Алексу импонировала возможность быть таким откровенным в ответ на откровенность юной собеседницы.
Для него становилось ясным: Аня уже достаточно искушена в жизни, но, разумеется, не в том, в общепринятом широком и удручающем смысле, а в жизни своей, усадебной и уездной, о которой её знания превосходны.
Главное же – она ничего из этого не упрятывает.
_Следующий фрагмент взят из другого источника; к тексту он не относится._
lemma norm_less_fps_conv_radius_arcsin_pow_fps:
  fixes x :: real
  assumes "\<bar>x\<bar> < 1"
  shows "norm x < fps_conv_radius (arcsin_pow_fps m)"
    and "norm x < fps_conv_radius (fps_deriv (arcsin_pow_fps m))"
    and "norm x < fps_conv_radius (fps_deriv (fps_deriv (arcsin_pow_fps m)))"
proof -
  have "ereal (norm x) < 1"
    using assms by simp
  then show "norm x < fps_conv_radius (arcsin_pow_fps m)"
    using fps_conv_radius_arcsin_pow_fps by (rule less_le_trans)
  then show "norm x < fps_conv_radius (fps_deriv (arcsin_pow_fps m))"
    using fps_conv_radius_deriv by (rule less_le_trans)
  then show "norm x < fps_conv_radius (fps_deriv (fps_deriv (arcsin_pow_fps m)))"
    using fps_conv_radius_deriv by (rule less_le_trans)
qed

lemma eval_arcsin_pow_fps_ode:
  fixes x :: real
  assumes "\<bar>x\<bar> < 1"
  shows "(1 - x\<^sup>2) * eval_fps (fps_deriv (fps_deriv (arcsin_pow_fps m))) x
      - 3 * x * eval_fps (fps_deriv (arcsin_pow_fps m)) x - eval_fps (arcsin_pow_fps m) x
    = real m * (real m - 1) * eval_fps (arcsin_pow_fps (m - 2)) x"
proof -
  have mult: "\<bar>x\<bar> < fps_conv_radius (f * g)"
    if "\<bar>x\<bar> < fps_conv_radius f" "\<bar>x\<bar> < fps_conv_radius g" for f g :: "real fps"
    using that fps_conv_radius_mult[of f g] by (meson less_le_trans min_less_iff_conj)
  have diff: "\<bar>x\<bar> < fps_conv_radius (f - g)"
    if "\<bar>x\<bar> < fps_conv_radius f" "\<bar>x\<bar> < fps_conv_radius g" for f g :: "real fps"
    using that fps_conv_radius_diff[of f g] by (meson less_le_trans min_less_iff_conj)
  show ?thesis
    using arg_cong[OF arcsin_pow_fps_ode, of "\<lambda>f. eval_fps f x" m]
    by (simp add: eval_fps_mult eval_fps_diff mult diff
        norm_less_fps_conv_radius_arcsin_pow_fps[OF assms, simplified])
qed

lemma has_real_derivative_eval_arcsin_pow_fps:
  fixes x :: real
  assumes "\<bar>x\<bar> < 1"
  shows "(eval_fps (arcsin_pow_fps m) has_real_derivative
           eval_fps (fps_deriv (arcsin_pow_fps m)) x) (at x)"
    and "(eval_fps (fps_deriv (arcsin_pow_fps m)) has_real_derivative
           eval_fps (fps_deriv (fps_deriv (arcsin_pow_fps m))) x) (at x)"
  using norm_less_fps_conv_radius_arcsin_pow_fps[OF assms]
  by (auto intro: has_field_derivative_eval_fps)

lemma arcsin_pow_fps_first_order_ode:
  fixes x :: real
  assumes prev: "\<And>y. m \<ge> 2 \<Longrightarrow> \<bar>y\<bar> < 1 \<Longrightarrow>
      arcsin y ^ (m - 2) = sqrt (1 - y\<^sup>2) * eval_fps (arcsin_pow_fps (m - 2)) y"
    and x: "\<bar>x\<bar> < 1"
  shows "(1 - x\<^sup>2) * eval_fps (fps_deriv (arcsin_pow_fps m)) x - x * eval_fps (arcsin_pow_fps m) x
    = real m * arcsin x ^ (m - 1)"
proof -
  define F where "F y = (1 - y\<^sup>2) * eval_fps (fps_deriv (arcsin_pow_fps m)) y
    - y * eval_fps (arcsin_pow_fps m) y - real m * arcsin y ^ (m - 1)" for y
  have "(F has_real_derivative 0) (at y)" if y: "\<bar>y\<bar> < 1" for y
  proof -
    have "1 - y\<^sup>2 > 0"
      using y by (simp add: abs_square_less_1)
    have prev': "real m * real (m - 1) * (arcsin y ^ (m - 2) / sqrt (1 - y\<^sup>2))
        = real m * (real m - 1) * eval_fps (arcsin_pow_fps (m - 2)) y"
      using prev[OF _ y] \<open>1 - y\<^sup>2 > 0\<close> by (cases "m \<ge> 2") (auto simp: of_nat_diff)
    have "(F has_real_derivative
        (1 - y\<^sup>2) * eval_fps (fps_deriv (fps_deriv (arcsin_pow_fps m))) y
        - 3 * y * eval_fps (fps_deriv (arcsin_pow_fps m)) y - eval_fps (arcsin_pow_fps m) y
        - real m * real (m - 1) * (arcsin y ^ (m - 2) / sqrt (1 - y\<^sup>2))) (at y)"
      unfolding F_def using y \<open>1 - y\<^sup>2 > 0\<close>
      by (auto intro!: derivative_eq_intros has_real_derivative_eval_arcsin_pow_fps
          simp: numeral_2_eq_2 divide_inverse algebra_simps)
    then show ?thesis
      unfolding prev' using eval_arcsin_pow_fps_ode[OF y, of m] by simp
  qed
  then have "F x = F 0"
    using x by (rule eq_at_0_if_deriv_zero)
  moreover have "F 0 = 0"
    by (cases m) (simp_all add: F_def eval_fps_at_0 arcsin_pow_fps_def)
  ultimately show ?thesis
    by (simp add: F_def)
qed

lemma arcsin_pow_eq_if_first_order_ode:
  fixes x :: real
  assumes ode: "\<And>y. \<bar>y\<bar> < 1 \<Longrightarrow>
      (1 - y\<^sup>2) * eval_fps (fps_deriv (arcsin_pow_fps m)) y - y * eval_fps (arcsin_pow_fps m) y
        = real m * arcsin y ^ (m - 1)"
    and x: "\<bar>x\<bar> < 1"
  shows "arcsin x ^ m = sqrt (1 - x\<^sup>2) * eval_fps (arcsin_pow_fps m) x"
proof -
  define G where "G y = sqrt (1 - y\<^sup>2) * eval_fps (arcsin_pow_fps m) y - arcsin y ^ m" for y
  have "(G has_real_derivative 0) (at y)" if y: "\<bar>y\<bar> < 1" for y
  proof -
    have "1 - y\<^sup>2 > 0"
      using y by (simp add: abs_square_less_1)
    then have sqrt_sqrt: "sqrt (1 - y\<^sup>2) * (sqrt (1 - y\<^sup>2) * z) = (1 - y\<^sup>2) * z" for z
      by (simp flip: mult.assoc)
    have "(G has_real_derivative
        ((1 - y\<^sup>2) * eval_fps (fps_deriv (arcsin_pow_fps m)) y - y * eval_fps (arcsin_pow_fps m) y
          - real m * arcsin y ^ (m - 1)) / sqrt (1 - y\<^sup>2)) (at y)"
      unfolding G_def using y \<open>1 - y\<^sup>2 > 0\<close>
      by (auto intro!: derivative_eq_intros has_real_derivative_eval_arcsin_pow_fps
          simp: field_simps sqrt_sqrt)
    then show ?thesis
      using ode[OF y] by simp
  qed
  then have "G x = G 0"
    using x by (rule eq_at_0_if_deriv_zero)
  then show ?thesis
    by (cases m) (simp_all add: G_def eval_fps_at_0 arcsin_pow_fps_def)
qed

lemma arcsin_pow_eq_eval_arcsin_pow_fps:
  fixes x :: real
  assumes "\<bar>x\<bar> < 1"
  shows "arcsin x ^ m = sqrt (1 - x\<^sup>2) * eval_fps (arcsin_pow_fps m) x"
  using assms
proof (induction m arbitrary: x rule: less_induct)
  case (less m)
  show ?case
    using arcsin_pow_fps_first_order_ode less.IH
    by (intro arcsin_pow_eq_if_first_order_ode less.prems) auto
qed

lemma arcsin_pow_fps_eq_fps_X_power_mult:
  "arcsin_pow_fps m = fps_X ^ m * fps_shift m (arcsin_pow_fps m)"
  by (rule fps_ext) (simp add: fps_X_power_mult_nth arcsin_pow_fps_def arcsin_num_eq_0_if_less)

lemma arcsin_pow_fps_nth_add_even:
  "fps_nth (arcsin_pow_fps m) (m + 2 * k) * t ^ (2 * k) =
     (-1) ^ k * Q (m + 1) (2 * k) 2 / real ((m + 2 * k) choose m) * (2 * t) ^ (2 * k) / fact (2 * k)"
proof -
  have nth: "fps_nth (arcsin_pow_fps m) (m + 2 * k)
      = fact m / fact (m + 2 * k) * ((-4) ^ k * Q (m + 1) (2 * k) 2)"
    by (simp add: arcsin_pow_fps_def arcsin_num_eq_Q)
  have binom: "real ((m + 2 * k) choose m) = fact (m + 2 * k) / (fact m * fact (2 * k))"
    by (subst binomial_fact) auto
  have pow: "(2 * t) ^ (2 * k) = 4 ^ k * t ^ (2 * k)" "(-4 :: real) ^ k = (-1) ^ k * 4 ^ k"
    by (simp add: power_mult_distrib power_mult) (simp flip: power_mult_distrib)
  show ?thesis
    unfolding nth binom pow by (simp add: field_simps)
qed

lemma arcsin_pow_fps_nth_add_odd: "fps_nth (arcsin_pow_fps m) (Suc (m + 2 * k)) = 0"
  by (simp add: arcsin_pow_fps_def arcsin_num_eq_0_if_odd)

lemma sums_eval_fps_shift_arcsin_pow_fps:
  fixes t :: real
  assumes "\<bar>t\<bar> < 1"
  shows "(\<lambda>k. (-1) ^ (k + 1) * Q (m + 1) (2 * (k + 1)) 2
      / real ((m + 2 * (k + 1)) choose m) * (2 * t) ^ (2 * (k + 1)) / fact (2 * (k + 1))) sums (eval_fps (fps_shift m (arcsin_pow_fps m)) t - 1)"
proof -
  define B where "B = fps_shift m (arcsin_pow_fps m)"
  define h where "h k = fps_nth B (2 * k) * t ^ (2 * k)" for k
  have "h sums eval_fps B t"
    unfolding h_def using norm_less_fps_conv_radius_arcsin_pow_fps(1)[OF assms, of m]
    by (intro sums_eval_fps_even) (simp_all add: B_def arcsin_pow_fps_nth_add_odd add.commute)
  moreover have "h 0 = 1"
    by (simp add: h_def B_def arcsin_pow_fps_def)
  ultimately have "(\<lambda>k. h (Suc k)) sums (eval_fps B t - 1)"
    using sums_Suc_iff[of h "eval_fps B t - 1"] by simp
  moreover have "h (Suc k) = (-1) ^ (k + 1) * Q (m + 1) (2 * (k + 1)) 2
      / real ((m + 2 * (k + 1)) choose m) * (2 * t) ^ (2 * (k + 1)) / fact (2 * (k + 1))" for k
    using arcsin_pow_fps_nth_add_even[of m "Suc k" t] by (simp add: h_def B_def add.commute)
  ultimately show ?thesis
    by (simp add: B_def)
qed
Стало быть, нет в ней и того ханжества, находиться в котором многие считают за лучшее, видя пороки и погрязая в них сами.
Ей, по крайней мере, не кажется странным то, что она, вполне вероятно, имеет не настоящего отца, не того, какой дан ей записью о рождении в лице барина Ильи Кондратьевича.
Вровень с нею в понимании сути таких вещей не сумели подняться ни Андрей, ни сводный брат, автор книги. У тех судьбы оказались испорченными от знания правды. Но – когда и в чём правда требует своего признавания и понимания в полноте?
В дороге, если даже отвратительна её проезжая часть, но иных отвлекающих помех для упряжки не возникает, хорошо раздуматься и не только о чём-то своём.
Размышления могли устремляться к общему, к постижению хотя будто и очевидного, но в неких других значениях.
Алексу всегда были желанны раздумья такого рода; поддаваясь им, ему удавалось касаться таких сторон чувственности и бытия, какие не замечались им раньше, а ещё больше того: и для всех, как он мог об этом судить, они оставались недоступными.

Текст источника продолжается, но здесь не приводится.